For convenience, you can update .bashrc with the required environment variables.

  1. Go to your home directory.

  2. Use ctrl-h to show hidden files.

  3. Edit the .bashrc file. Add the following export commands under “User specific aliases and functions.”

    # User specific aliases and functions
    export MAPD_USER=mapd
    export MAPD_GROUP=mapd
    export MAPD_STORAGE=/var/lib/mapd
    export MAPD_PATH=/opt/mapd
  4. Save the .bashrc file.

  5. Open a new terminal window to use your changes.

The $MAPD_STORAGE directory must be dedicated to MapD: do not set it to a directory shared by other packages.

MapD Configuration File (mapd.conf)

You can also create a configuration file with optional settings. See Configuration.


This step initializes the database and prepares systemd commands for MapD.

  1. Run the systemd installer. This script requires sudo access. You might be prompted for a password. Accept the values provided (based on your environment variables) or make changes as needed. The script creates a data directory in $MAPD_STORAGE with the directories mapd_catalogs, mapd_data, and mapd_export. mapd_import and mapd_log directories are created when you insert data the first time. The mapd_log directory is the one of most interest to a MapD administrator.

    cd $MAPD_PATH/systemd
    sudo ./install_mapd_systemd.sh


Start and use MapD Core and Immerse.

  1. Start MapD Core

    cd $MAPD_PATH
    sudo systemctl start mapd_server
    sudo systemctl start mapd_web_server
  2. Enable MapD Core to start when the system reboots.

    sudo systemctl enable mapd_server
    sudo systemctl enable mapd_web_server


To verify that all systems are go, load some sample data, perform a mapdql query, and generate a pointmap using Immerse.

MapD ships with two sample datasets of airline flight information collected in 2008. To install the sample data, run the following command.

sudo ./insert_sample_data

When prompted, choose whether to insert dataset 1 (7 million rows) or dataset 2 (10 thousand rows).

Enter dataset number to download, or 'q' to quit:
#     Dataset           Rows    Table Name          File Name
1)    Flights (2008)    7M      flights_2008_7M     flights_2008_7M.tar.gz
2)    Flights (2008)    10k     flights_2008_10k    flights_2008_10k.tar.gz

Connect to MapD Core by entering the following command in a terminal on the host machine (default password is HyperInteractive):

password: ••••••••••••••••

Enter a SQL query such as the following:

mapdql> SELECT origin_city AS "Origin", dest_city AS "Destination", AVG(airtime) AS
"Average Airtime" FROM flights_2008_10k WHERE distance < 175 GROUP BY origin_city,
Origin|Destination|Average Airtime
Ft. Myers|Orlando|28.666667
Orlando|Ft. Myers|32.583333

Connect to Immerse using a web browser connected to your host machine on port 9092. For example, http://mapd.mycompany.com:9092.

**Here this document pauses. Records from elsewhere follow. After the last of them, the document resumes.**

text \<open>The sum over \<open>n\<^sub>p > b\<close> is the full sum minus the sum over \<open>n\<^sub>p \<le> b\<close>; recursing on the
  second term turns the lower bound into an alternating sum of products of truncations.\<close>

lemma Mtr_gt_rev_expand:
  assumes "length ms = length ss" "b \<le> N"
  shows "Mtr_gt N b (rev ms) (rev ss) =
    (\<Sum>j<length ms. (-1) ^ j * Mtr N (rev (drop j ms)) (rev (drop j ss)) * Mst b (take j ms) (take j ss))
    + (-1) ^ length ms * Mst b ms ss"
  using assms
proof (induction ms ss arbitrary: b rule: list_induct2)
  case Nil
  then show ?case by simp
next
  case (Cons m1 ms s1 ss)
  let ?w = "\<lambda>a. (1 + s1 * (-1) ^ a) / real a ^ m1"
  let ?X = "\<lambda>j. (-1) ^ j * Mtr N (rev (drop j ms)) (rev (drop j ss))"
  let ?R = "\<lambda>a. (\<Sum>j<length ms. ?X j * Mst a (take j ms) (take j ss)) + (-1) ^ length ms * Mst a ms ss"
  have len: "length (rev ms) = length (rev ss)" using Cons.hyps by simp
  have "Mtr_gt N b (rev (m1#ms)) (rev (s1#ss)) = (\<Sum>a\<in>{b<..N}. ?w a * Mtr_gt N a (rev ms) (rev ss))"
    using Mtr_gt_snoc[OF len] by simp
  also have "\<dots> = (\<Sum>a\<in>{0<..N}. ?w a * Mtr_gt N a (rev ms) (rev ss)) - (\<Sum>a\<in>{0<..b}. ?w a * ?R a)"
  proof -
    have split: "{b<..N} = {0<..N} - {0<..b}" using Cons.prems by auto
    have "(\<Sum>a\<in>{b<..N}. ?w a * Mtr_gt N a (rev ms) (rev ss)) =
        (\<Sum>a\<in>{0<..N}. ?w a * Mtr_gt N a (rev ms) (rev ss)) - (\<Sum>a\<in>{0<..b}. ?w a * Mtr_gt N a (rev ms) (rev ss))"
      unfolding split using Cons.prems by (intro sum_diff) auto
    moreover have "(\<Sum>a\<in>{0<..b}. ?w a * Mtr_gt N a (rev ms) (rev ss)) = (\<Sum>a\<in>{0<..b}. ?w a * ?R a)"
      using Cons.IH Cons.prems by (intro sum.cong refl) auto
    ultimately show ?thesis by simp
  qed
  also have "(\<Sum>a\<in>{0<..N}. ?w a * Mtr_gt N a (rev ms) (rev ss)) = Mtr N (rev (m1#ms)) (rev (s1#ss))"
    using Mtr_gt_snoc[OF len] by (simp add: Mtr_eq_Mtr_gt)
  also have "(\<Sum>a\<in>{0<..b}. ?w a * ?R a) =
      (\<Sum>j<length ms. ?X j * (\<Sum>a\<in>{0<..b}. ?w a * Mst a (take j ms) (take j ss)))
    + (-1) ^ length ms * (\<Sum>a\<in>{0<..b}. ?w a * Mst a ms ss)"
  proof -
    have "(\<Sum>a\<in>{0<..b}. ?w a * ?R a) =
        (\<Sum>a\<in>{0<..b}. \<Sum>j<length ms. ?X j * (?w a * Mst a (take j ms) (take j ss)))
      + (-1) ^ length ms * (\<Sum>a\<in>{0<..b}. ?w a * Mst a ms ss)"
      by (simp add: sum.distrib sum_distrib_left algebra_simps)
    then show ?thesis
      by (simp add: sum.swap[of _ "{0<..b}"] sum_distrib_left)
  qed
  also have "\<dots> = (\<Sum>j<length ms. ?X j * Mst b (take (Suc j) (m1#ms)) (take (Suc j) (s1#ss)))
    + (-1) ^ length ms * Mst b (m1#ms) (s1#ss)"
    by (simp add: atLeastSucAtMost_greaterThanAtMost[of 0, simplified])
  finally show ?case
    by (simp del: sum.lessThan_Suc add: sum.lessThan_Suc_shift sum_negf)
qed

lemma Mtr_append_expand:
  assumes "length ms = length ss"
  shows "Mtr N (rev ms @ l # ls) (rev ss @ f # fs) =
    (\<Sum>b\<in>{1..N}. (1 + f * (-1) ^ b) / real b ^ l * Mtr (b - 1) ls fs *
       ((\<Sum>j<length ms. (-1) ^ j * Mtr N (rev (drop j ms)) (rev (drop j ss)) * Mst b (take j ms) (take j ss))
        + (-1) ^ length ms * Mst b ms ss))"
proof -
  have "Mtr N (rev ms @ l # ls) (rev ss @ f # fs) =
      (\<Sum>b\<in>{0<..N}. (1 + f * (-1) ^ b) / real b ^ l * Mtr (b - 1) ls fs * Mtr_gt N b (rev ms) (rev ss))"
    unfolding Mtr_eq_Mtr_gt using assms by (intro Mtr_gt_append) simp
  also have "{0<..N} = {1..N}" by auto
  finally show ?thesis
    using assms by (simp add: Mtr_gt_rev_expand)
qed

lemma sign_weight_bounds:
  fixes e :: real
  assumes "\<bar>e\<bar> \<le> 1"
  shows "0 \<le> 1 + e * (-1) ^ a" "1 + e * (-1) ^ a \<le> 2"
  using assms by (cases "even a"; auto simp: abs_le_iff)+

lemma Mst_nonneg: "\<forall>e\<in>set es. \<bar>e\<bar> \<le> 1 \<Longrightarrow> 0 \<le> Mst n ks es"
proof (induction n ks es rule: Mst.induct)
  case (1 n k ks e es)
  then show ?case
    using sign_weight_bounds[of e] by (auto intro!: sum_nonneg mult_nonneg_nonneg divide_nonneg_nonneg)
qed auto

lemma Mtr_nonneg: "\<forall>e\<in>set es. \<bar>e\<bar> \<le> 1 \<Longrightarrow> 0 \<le> Mtr n ks es"
proof (induction n ks es rule: Mtr.induct)
  case (1 n k ks e es)
  then show ?case
    using sign_weight_bounds[of e] by (auto intro!: sum_nonneg mult_nonneg_nonneg divide_nonneg_nonneg)
qed auto

lemma Mtr_pred_le_Mst:
  assumes "\<forall>e\<in>set es. \<bar>e\<bar> \<le> 1"
  shows "Mtr (n - 1) ks es \<le> Mst n ks es"
  using assms
proof (induction ks arbitrary: es n)
  case (Cons k ks)
  show ?case
  proof (cases es)
    case (Cons e es')
    let ?w = "\<lambda>a. (1 + e * (-1) ^ a) / real a ^ k"
    have w: "0 \<le> ?w a" for a
      using Cons.prems sign_weight_bounds[of e] \<open>es = e # es'\<close> by simp
    have "Mtr (n - 1) (k # ks) es = (\<Sum>a\<in>{1..n-1}. ?w a * Mtr (a - 1) ks es')"
      by (simp add: \<open>es = e # es'\<close>)
    also have "\<dots> \<le> (\<Sum>a\<in>{1..n-1}. ?w a * Mst a ks es')"
      using Cons.IH[of es'] Cons.prems w \<open>es = e # es'\<close> by (intro sum_mono mult_left_mono) simp_all
    also have "\<dots> \<le> (\<Sum>a\<in>{1..n}. ?w a * Mst a ks es')"
      using Cons.prems w \<open>es = e # es'\<close> by (intro sum_mono2 mult_nonneg_nonneg Mst_nonneg) auto
    finally show ?thesis by (simp add: \<open>es = e # es'\<close>)
  qed simp
qed simp

text \<open>With \<open>x = (n+1)\<^sup>1\<^sup>/\<^sup>4\<close> and \<open>y = n\<^sup>1\<^sup>/\<^sup>4\<close> this is \<open>1 = x\<^sup>4 - y\<^sup>4 \<le> 4 x\<^sup>3 (x - y)\<close>.\<close>

lemma powr_quarter_increment:
  "real (Suc n) powr (1/4) / real (Suc n) \<le> 4 * (real (Suc n) powr (1/4) - real n powr (1/4))"
proof -
  define x where "x = real (Suc n) powr (1/4)"
  define y where "y = real n powr (1/4)"
  have x4: "x ^ 4 = real n + 1"
    unfolding x_def by (simp add: powr_powr flip: powr_realpow)
  have y4: "y ^ 4 = real n"
    unfolding y_def by (cases "n = 0") (simp_all add: powr_powr flip: powr_realpow)
  have xp: "x > 0" and yp: "y \<ge> 0" unfolding x_def y_def by simp_all
  have yx: "y \<le> x"
    unfolding x_def y_def by (intro powr_mono2) auto
  have "1 = (x - y) * (x^3 + x^2*y + x*y^2 + y^3)"
    using x4 y4 by (simp add: algebra_simps power2_eq_square power3_eq_cube power4_eq_xxxx)
  also have "\<dots> \<le> (x - y) * (4 * x^3)"
  proof (rule mult_left_mono)
    have "x^2*y \<le> x^3" using yx xp yp by (simp add: power2_eq_square power3_eq_cube mult_left_mono)
    moreover have "x*y^2 \<le> x^3" using yx xp yp by (simp add: power2_eq_square power3_eq_cube mult_mono mult_left_mono)
    moreover have "y^3 \<le> x^3" using yx yp by (intro power_mono) auto
    ultimately show "x^3 + x^2*y + x*y^2 + y^3 \<le> 4 * x^3" by simp
  qed (use yx in simp)
  finally have "1 \<le> 4 * (x - y) * x ^ 3" by (simp add: algebra_simps)
  then have "1 / x ^ 3 \<le> 4 * (x - y)"
    using xp by (simp add: divide_le_eq)
  moreover have "real (Suc n) powr (1/4) / real (Suc n) = x / x ^ 4"
    using x4 by (simp add: x_def)
  moreover have "x / x ^ 4 = 1 / x ^ 3"
    using xp by (simp add: power4_eq_xxxx power3_eq_cube)
  ultimately show ?thesis by (simp add: x_def y_def)
qed

lemma sum_powr_quarter_le:
  "(\<Sum>a\<in>{1..n}. real a powr (1/4) / real a) \<le> 4 * real n powr (1/4)"
proof (induction n)
  case (Suc n)
  then show ?case using powr_quarter_increment[of n] by simp
qed simp

text \<open>Any bound \<open>o(n\<^sup>1\<^sup>/\<^sup>2)\<close> would do: it makes the summands of \<open>MMV\<close> and \<open>CMMV\<close> \<open>O(n\<^sup>-\<^sup>3\<^sup>/\<^sup>2)\<close>.\<close>

lemma Mst_le_powr_quarter:
  assumes "\<forall>e\<in>set es. \<bar>e\<bar> \<le> 1" "\<forall>k\<in>set ks. 1 \<le> k" "1 \<le> n"
  shows "Mst n ks es \<le> 8 ^ length ks * real n powr (1/4)"
proof -
  have base: "1 \<le> (8::real) ^ L * real n powr (1/4)" if "1 \<le> n" for L n :: nat
    using that mult_mono[of 1 "(8::real) ^ L" 1 "real n powr (1/4)"] by (simp add: ge_one_powr_ge_zero)
  show ?thesis
    using assms
  proof (induction n ks es rule: Mst.induct)
    case (1 n k ks e es)
    let ?C = "8 ^ length ks :: real"
    have term_le: "(1 + e * (-1) ^ a) / real a ^ k * Mst a ks es \<le> 2 * ?C * (real a powr (1/4) / real a)"
      if "a \<in> {1..n}" for a
    proof -
      have "real a ^ 1 \<le> real a ^ k"
        using that "1.prems" by (intro power_increasing) auto
      then have "(1 + e * (-1) ^ a) / real a ^ k * Mst a ks es \<le> 2 / real a * Mst a ks es"
        using that "1.prems" sign_weight_bounds[of e a]
        by (intro mult_right_mono frac_le Mst_nonneg) auto
      also have "\<dots> \<le> 2 / real a * (?C * real a powr (1/4))"
        using that "1.prems" "1.IH" by (intro mult_left_mono) auto
      finally show ?thesis by simp
    qed
    have "Mst n (k#ks) (e#es) \<le> (\<Sum>a\<in>{1..n}. 2 * ?C * (real a powr (1/4) / real a))"
      unfolding Mst.simps using term_le by (rule sum_mono)
    also have "\<dots> \<le> 2 * ?C * (4 * real n powr (1/4))"
      by (simp only: sum_distrib_left[symmetric]) (intro mult_left_mono sum_powr_quarter_le, simp)
    finally show ?case by simp
  qed (simp only: Mst.simps, rule base, simp)+
qed

lemma Mtr_Mst_growth:
  assumes "\<forall>e\<in>set es. \<bar>e\<bar> \<le> 1" "\<forall>e\<in>set fs. \<bar>e\<bar> \<le> 1"
    "\<forall>k\<in>set ks. 1 \<le> k" "\<forall>l\<in>set ls. 1 \<le> l" "1 \<le> a"
  shows "Mtr (a - 1) ks es * Mst a ls fs \<le> 8 ^ (length ks + length ls) * real a powr (1/2)"
proof -
  have "Mtr (a - 1) ks es \<le> 8 ^ length ks * real a powr (1/4)"
    using Mtr_pred_le_Mst[OF assms(1)] Mst_le_powr_quarter[OF assms(1,3,5)] by (rule order_trans)
  moreover have "Mst a ls fs \<le> 8 ^ length ls * real a powr (1/4)"
    using assms(2,4,5) by (rule Mst_le_powr_quarter)
  ultimately have "Mtr (a - 1) ks es * Mst a ls fs \<le> (8 ^ length ks * real a powr (1/4)) * (8 ^ length ls * real a powr (1/4))"
    using Mtr_nonneg[OF assms(1)] Mst_nonneg[OF assms(2)] by (intro mult_mono) simp_all
  also have "\<dots> = 8 ^ (length ks + length ls) * (real a powr (1/4) * real a powr (1/4))"
    by (simp only: power_add mult_ac)
  also have "real a powr (1/4) * real a powr (1/4) = real a powr (1/2)"
    by (simp flip: powr_add)
  finally show ?thesis .
qed

lemma weighted_term_le:
  fixes W M C :: real
  assumes "1 \<le> a" "2 \<le> d" "0 \<le> W" "W \<le> 2" "0 \<le> M" "M \<le> C * real a powr (1/2)"
  shows "W * M / real a ^ d \<le> 2 * C * real a powr (-3/2)"
proof -
  have a1: "1 \<le> real a" using assms by simp
  have "real a ^ 2 \<le> real a ^ d" using a1 assms by (intro power_increasing) auto
  then have "W * M / real a ^ d \<le> 2 * M / real a ^ 2"
    using assms a1 by (intro frac_le mult_mono) auto
  also have "\<dots> \<le> 2 * (C * real a powr (1/2)) / real a ^ 2"
    using assms by (intro divide_right_mono mult_left_mono) auto
  also have "\<dots> = 2 * C * (real a powr (1/2) / real a ^ 2)"
    by simp
  also have "real a ^ 2 = real a powr (real 2)"
    using a1 by (subst powr_realpow) auto
  also have "real a powr (1/2) / real a powr (real 2) = real a powr (1/2 - real 2)"
    by (rule powr_diff [symmetric])
  also have "(1/2 - real 2) = -3/2"
    by simp
  finally show ?thesis .
qed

Create a new dashboard and a pointmap to verify that backend rendering is working.

  1. Click New Dashboard.
  2. Select the flights_2008_10K table as the datasource.
  3. Click Connect to Table.
  4. Click Add Chart.
  5. Click SCATTER.
  6. Click X Axis +Add Measure.
  7. Choose arrdelay.
  8. Click Y Axis +Add Measure.
  9. Choose depdelay.

The resulting chart shows, unsurprisingly, that there is a correlation between departure delay and arrival delay.